また一人、変態がいた。

食べ歩き ,

また一人、変態がいた。
「最初の握りを46度Cのシャリで、お出ししたいのです」
39歳の寿司職人、難波仁将さんは言った。
それは「開店時間は何時ですか?」という質問の答えだった。
「一旦家に帰って、玄米から精米し、炊いてからシャリ切りをし、あおがないで自然に冷まし。お客様がつまみをちょうど食べ終わった頃に最適の時間にしたい。そのため、予約をいただいた時間から逆算します」。
使うのは、山口県の棚田の古古米で、単に土地が狭いから棚田なのか、日当たりが良いから棚田なのか、産地まで見にいったという。
当然魚類も厳選している。
「サワラはないの?」と聞くと、「用意しようと思ったのですが、市場で今日はお前のとこに卸せるようなサワラは入ってないといわれました」。

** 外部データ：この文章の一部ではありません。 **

(* For each semiquasitriangular Hopf algebra $(H,R)$ with Drinfeld element $u=S(R^{(2)})R^{(1)}$, one has $S^2(u)=u$, $S^2(u^{-1})=u^{-1}$ and $uS(u)=S(u)u$.
   Context: All vector spaces are over a field $k$, $\otimes=\otimes_k$. For a Hopf algebra $H$ with comultiplication $\Delta$, counit $\epsilon$, antipode $S$, we use Sweedler notation $\Delta(h)=h_1\otimes h_2$, etc. $\operatorname{Z}(H)$ is the centre of $H$. For $R\in H\otimes H$ we write $R=R^{(1)}\otimes R^{(2)}$ (summation understood); $R'^{(1)}\otimes R'^{(2)}$ denotes another copy of $R$. Definition (semiquasitriangular Hopf algebra): a pair $(H,R)$ with $H$ a Hopf algebra with bijective antipode and $R\in H\otimes H$ invertible such that (1) $R^{(1)}_1\otimes R^{(1)}_2\otimes R^{(2)} = R^{(1)}\otimes R'^{(1)}\otimes R^{(2)}R'^{(2)}$; (2) $R^{(1)}\otimes R^{(2)}_1\otimes R^{(2)}_2 = R^{(1)}R'^{(1)}\otimes R'^{(2)}\otimes R^{(2)}$; (3) $R^{(1)}\otimes R^{(2)}_2R'^{(1)}\otimes R^{(2)}_1R'^{(2)} = R^{(1)}\otimes R'^{(1)}R^{(2)}_1\otimes R'^{(2)}R^{(2)}_2$; (4) $R^{(1)}_2R'^{(1)}\otimes R^{(1)}_1R'^{(2)}\otimes R^{(2)} = R'^{(1)}R^{(1)}_1\otimes R'^{(2)}R^{(1)}_2\otimes R^{(2)}$; (5) $\nu(h):=R^{(2)}h_2R'^{(2)}\otimes S(h_1)S(R^{(1)})h_3R'^{(1)}\in H\otimes\operatorname{Z}(H)$ for all $h\in H$; (6) $\nu(h)=R^{(1)}h_2R'^{(1)}\otimes S(R'^{(2)})S(h_1)R^{(2)}h_3$ for all $h\in H$. The Drinfeld element $u$ is invertible (with $u^{-1}=R^{(2)}S^2(R^{(1)})$). *)

theory Defs
  imports "HOL-Library.Poly_Mapping"
begin

text \<open>
  Vector spaces over a field 'k are modelled by a chosen basis: a vector of a
  space with basis indexed by type 'a is a finitely supported function
  'a =>0 'k.  The tensor product of spaces with bases 'a and 'c is the space with
  basis 'a * 'c; the triple tensor product uses the basis 'a * 'c * 'd.
  Linear maps are given by their values on basis vectors and extended linearly
  by hv_lin.  A Hopf algebra H is given by structure constants on a basis 'b:
  multiplication mu, unit eta, comultiplication delta, counit eps, antipode S.
\<close>

definition hv_smul :: "'k::field \<Rightarrow> ('a \<Rightarrow>\<^sub>0 'k) \<Rightarrow> ('a \<Rightarrow>\<^sub>0 'k)" where
  "hv_smul c x = Poly_Mapping.map (\<lambda>v. c * v) x"

definition hv_lin :: "('a \<Rightarrow> ('c \<Rightarrow>\<^sub>0 'k::field)) \<Rightarrow> ('a \<Rightarrow>\<^sub>0 'k) \<Rightarrow> ('c \<Rightarrow>\<^sub>0 'k)" where
  "hv_lin f x = (\<Sum>a\<in>Poly_Mapping.keys x. hv_smul (Poly_Mapping.lookup x a) (f a))"

definition hv_fun :: "('a \<Rightarrow> 'k::field) \<Rightarrow> ('a \<Rightarrow>\<^sub>0 'k) \<Rightarrow> 'k" where
  "hv_fun f x = (\<Sum>a\<in>Poly_Mapping.keys x. Poly_Mapping.lookup x a * f a)"

definition hv_basis :: "'a \<Rightarrow> ('a \<Rightarrow>\<^sub>0 'k::field)" where
  "hv_basis a = Poly_Mapping.single a 1"

definition hv_tens :: "('a \<Rightarrow>\<^sub>0 'k::field) \<Rightarrow> ('c \<Rightarrow>\<^sub>0 'k) \<Rightarrow> ('a \<times> 'c \<Rightarrow>\<^sub>0 'k)" where
  "hv_tens x y = hv_lin (\<lambda>a. hv_lin (\<lambda>c. hv_basis (a, c)) y) x"

definition hmul :: "('b \<Rightarrow> 'b \<Rightarrow> ('b \<Rightarrow>\<^sub>0 'k::field)) \<Rightarrow> ('b \<Rightarrow>\<^sub>0 'k) \<Rightarrow> ('b \<Rightarrow>\<^sub>0 'k) \<Rightarrow> ('b \<Rightarrow>\<^sub>0 'k)" where
  "hmul mu x y = hv_lin (\<lambda>a. hv_lin (\<lambda>b. mu a b) y) x"

definition hmul2 :: "('b \<Rightarrow> 'b \<Rightarrow> ('b \<Rightarrow>\<^sub>0 'k::field)) \<Rightarrow> ('b \<times> 'b \<Rightarrow>\<^sub>0 'k) \<Rightarrow> ('b \<times> 'b \<Rightarrow>\<^sub>0 'k) \<Rightarrow> ('b \<times> 'b \<Rightarrow>\<^sub>0 'k)" where
  "hmul2 mu t s = hv_lin (\<lambda>(a, b). hv_lin (\<lambda>(c, d). hv_tens (mu a c) (mu b d)) s) t"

去年の9月開店だというのに、早くも質が極めて高くないと仕入れないという姿勢が理解されている。な
仕入れは、下関の市場だけでなく、小倉や福岡にも足を伸ばす。
現在店は不定休であるが、無休に近い。
それは「予約をいただければ、必ず店は開けます。休みません。ただここ2週間は、予約はいただいていないので、休んでますが(笑)」。
目標は明確て、もっとやりたいこともあるが、一人でやっているので、限界もある。
寿司は、まだまだなこともある。
でも彼は、きっと花を咲かすだろう。
変態の片鱗から成長を遂げるだろう。
そして桜のように満開して、人々を魅了する寿司屋になるだろう。
下関「鮨 桜鱗」にて。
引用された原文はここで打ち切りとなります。